lemma chain_adj_irrefl: "m \<le> N \<Longrightarrow> \<not> chain_adj H m x x"
  unfolding chain_adj_def using hex_adj_irrefl by auto

lemma chain_adj_Suc_restrict_old:
  assumes "1 \<le> m" "m < N"
  shows "(\<lambda>x y. chain_adj H (Suc m) x y \<and> x \<in> chain_verts H m \<and> y \<in> chain_verts H m)
    = chain_adj H m"
proof (intro ext iffI)
  fix x y assume xy: "chain_adj H (Suc m) x y \<and> x \<in> chain_verts H m \<and> y \<in> chain_verts H m"
  have "\<not> hex_adj (H m) x y"
  proof
    assume e: "hex_adj (H m) x y"
    then have "x \<in> chain_verts H m \<inter> hex_verts (H m)" "y \<in> chain_verts H m \<inter> hex_verts (H m)"
      using xy hex_adj_in_hex_verts[OF e] by simp_all
    then have "x = c m" "y = c m" unfolding chain_verts_inter_hex[OF assms] by simp_all
    with e show False using hex_adj_irrefl assms(2) by simp
  qed
  then show "chain_adj H m x y" using xy by (simp add: chain_adj_Suc)
next
  fix x y assume "chain_adj H m x y"
  then show "chain_adj H (Suc m) x y \<and> x \<in> chain_verts H m \<and> y \<in> chain_verts H m"
    by (simp add: chain_adj_Suc chain_adj_in_chain_verts)
qed

lemma chain_adj_Suc_restrict_new:
  assumes "1 \<le> m" "m < N"
  shows "(\<lambda>x y. chain_adj H (Suc m) x y \<and> x \<in> hex_verts (H m) \<and> y \<in> hex_verts (H m))
    = hex_adj (H m)"
proof (intro ext iffI)
  fix x y assume xy: "chain_adj H (Suc m) x y \<and> x \<in> hex_verts (H m) \<and> y \<in> hex_verts (H m)"
  have "\<not> chain_adj H m x y"
  proof
    assume e: "chain_adj H m x y"
    then have "x \<in> chain_verts H m \<inter> hex_verts (H m)" "y \<in> chain_verts H m \<inter> hex_verts (H m)"
      using xy chain_adj_in_chain_verts[OF e] by simp_all
    then have "x = c m" "y = c m" unfolding chain_verts_inter_hex[OF assms] by simp_all
    with e show False using chain_adj_irrefl assms(2) by simp
  qed
  then show "hex_adj (H m) x y" using xy by (simp add: chain_adj_Suc)
next
  fix x y assume "hex_adj (H m) x y"
  then show "chain_adj H (Suc m) x y \<and> x \<in> hex_verts (H m) \<and> y \<in> hex_verts (H m)"
    by (simp add: chain_adj_Suc hex_adj_in_hex_verts)
qed

lemma chain_reachable:
  "1 \<le> m \<Longrightarrow> m \<le> N \<Longrightarrow> u \<in> chain_verts H m \<Longrightarrow> v \<in> chain_verts H m
    \<Longrightarrow> reachable (chain_adj H m) u v"
proof (induction m arbitrary: u v rule: nat_induct_at_least)
  case base
  then show ?case by (simp add: hex_reachable)
next
  case (Suc m)
  have cm: "c m \<in> chain_verts H m" "c m \<in> hex_verts (H m)"
    using cut_vertex_mem Suc.hyps Suc.prems(1) by simp_all
  have to_cut: "reachable (chain_adj H (Suc m)) x (c m)" if "x \<in> chain_verts H (Suc m)" for x
  proof (cases "x \<in> chain_verts H m")
    case True
    with cm(1) Suc.IH Suc.prems(1) have "reachable (chain_adj H m) x (c m)" by simp
    then show ?thesis by (rule reachable_mono) (simp add: chain_adj_Suc)
  next
    case False
    with that cm(2) have "reachable (hex_adj (H m)) x (c m)"
      unfolding chain_verts_Suc by (simp add: hex_reachable)
    then show ?thesis by (rule reachable_mono) (simp add: chain_adj_Suc)
  qed
  have "reachable (chain_adj H (Suc m)) (c m) v"
    by (rule reachable_sym[OF chain_adj_sym to_cut[OF Suc.prems(3)]])
  with to_cut[OF Suc.prems(2)] show ?case by (rule reachable_trans)
qed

> _Activity_
Transcribe the lines above between the line holding "by (simp add: chain_adj_Suc chain_adj_in_chain_verts)" and the line holding "using cut_vertex_mem Suc.hyps", inclusive, exactly as they stand and with nothing added.

> _Exercise result_
    by (simp add: chain_adj_Suc chain_adj_in_chain_verts)
qed

lemma chain_adj_Suc_restrict_new:
  assumes "1 \<le> m" "m < N"
  shows "(\<lambda>x y. chain_adj H (Suc m) x y \<and> x \<in> hex_verts (H m) \<and> y \<in> hex_verts (H m))
    = hex_adj (H m)"
proof (intro ext iffI)
  fix x y assume xy: "chain_adj H (Suc m) x y \<and> x \<in> hex_verts (H m) \<and> y \<in> hex_verts (H m)"
  have "\<not> chain_adj H m x y"
  proof
    assume e: "chain_adj H m x y"
    then have "x \<in> chain_verts H m \<inter> hex_verts (H m)" "y \<in> chain_verts H m \<inter> hex_verts (H m)"
      using xy chain_adj_in_chain_verts[OF e] by simp_all
    then have "x = c m" "y = c m" unfolding chain_verts_inter_hex[OF assms] by simp_all
    with e show False using chain_adj_irrefl assms(2) by simp
  qed
  then show "hex_adj (H m) x y" using xy by (simp add: chain_adj_Suc)
next
  fix x y assume "hex_adj (H m) x y"
  then show "chain_adj H (Suc m) x y \<and> x \<in> hex_verts (H m) \<and> y \<in> hex_verts (H m)"
    by (simp add: chain_adj_Suc hex_adj_in_hex_verts)
qed

lemma chain_reachable:
  "1 \<le> m \<Longrightarrow> m \<le> N \<Longrightarrow> u \<in> chain_verts H m \<Longrightarrow> v \<in> chain_verts H m
    \<Longrightarrow> reachable (chain_adj H m) u v"
proof (induction m arbitrary: u v rule: nat_induct_at_least)
  case base
  then show ?case by (simp add: hex_reachable)
next
  case (Suc m)
  have cm: "c m \<in> chain_verts H m" "c m \<in> hex_verts (H m)"
    using cut_vertex_mem Suc.hyps Suc.prems(1) by simp_all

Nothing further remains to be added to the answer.